## Task
Lines from the start of the data through the line containing "compact_continuous_image compact_Icc) auto" must be given again exactly. Leave the others out.

[Stored entries]

lemma gstar_le:
  assumes "continuous_on {k1..k2} g" "u \<in> {k1..k2}"
  shows "gstar g k1 k2 \<le> g u"
  unfolding gstar_def
  using assms by (intro cInf_lower bounded_imp_bdd_below compact_imp_bounded
      compact_continuous_image compact_Icc) auto

lemma gstar_pos:
  assumes "continuous_on {k1..k2} g" "k1 \<le> k2" "\<forall>u\<in>{k1..k2}. 0 < g u"
  shows "0 < gstar g k1 k2"
proof -
  obtain z where "z \<in> {k1..k2}" "\<And>u. u \<in> {k1..k2} \<Longrightarrow> g z \<le> g u"
    using continuous_attains_inf[OF compact_Icc _ assms(1)] assms(2) by auto
  then have "gstar g k1 k2 = g z"
    unfolding gstar_def by (intro cInf_eq_minimum) auto
  with \<open>z \<in> {k1..k2}\<close> assms(3) show ?thesis by simp
qed

lemma admissible_g_gstar:
  assumes "admissible_g g" "0 < k1" "k1 \<le> k2" "k2 < 1"
  shows "0 < gstar g k1 k2" "\<forall>u\<in>{k1..k2}. gstar g k1 k2 \<le> g u"
proof -
  have "continuous_on {k1..k2} g"
    using admissible_g_continuous_on[OF assms(1)] assms(2-4) by (auto intro: continuous_on_subset)
  moreover have "\<forall>u\<in>{k1..k2}. 0 < g u"
    using assms unfolding admissible_g_def by auto
  ultimately show "0 < gstar g k1 k2" "\<forall>u\<in>{k1..k2}. gstar g k1 k2 \<le> g u"
    using gstar_pos gstar_le assms(3) by auto
qed

lemma negpart_nonneg: "0 \<le> negpart a t"
  by (simp add: negpart_def)

lemma negpart_integrable_on:
  assumes "a absolutely_integrable_on S"
  shows "negpart a integrable_on S"
proof -
  have "(\<lambda>s. (\<bar>a s\<bar> - a s) / 2) integrable_on S"
    using assms unfolding absolutely_integrable_on_def
    by (intro integrable_on_divide integrable_diff) auto
  moreover have "(\<lambda>s. (\<bar>a s\<bar> - a s) / 2) = negpart a"
    by (auto simp: negpart_def fun_eq_iff)
  ultimately show ?thesis by simp
qed

lemma has_integral_primitive_increment:
  fixes f F :: "real \<Rightarrow> real"
  assumes prim: "\<forall>t\<in>{a..b}. (f has_integral (F t - F a)) {a..t}"
    and "a \<le> s" "s \<le> t" "t \<le> b"
  shows "(f has_integral (F t - F s)) {s..t}"
proof -
  have "f integrable_on {a..t}"
    using prim assms by auto
  then have "f integrable_on {s..t}" and
    "integral {a..s} f + integral {s..t} f = integral {a..t} f"
    using assms by (auto intro: integrable_on_subinterval Henstock_Kurzweil_Integration.integral_combine)
  moreover have "integral {a..s} f = F s - F a" "integral {a..t} f = F t - F a"
    using prim assms by (auto intro: integral_unique)
  ultimately show ?thesis
    by (simp add: has_integral_integrable_integral)
qed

## Task output
lemma gstar_le:
  assumes "continuous_on {k1..k2} g" "u \<in> {k1..k2}"
  shows "gstar g k1 k2 \<le> g u"
  unfolding gstar_def
  using assms by (intro cInf_lower bounded_imp_bdd_below compact_imp_bounded
      compact_continuous_image compact_Icc) auto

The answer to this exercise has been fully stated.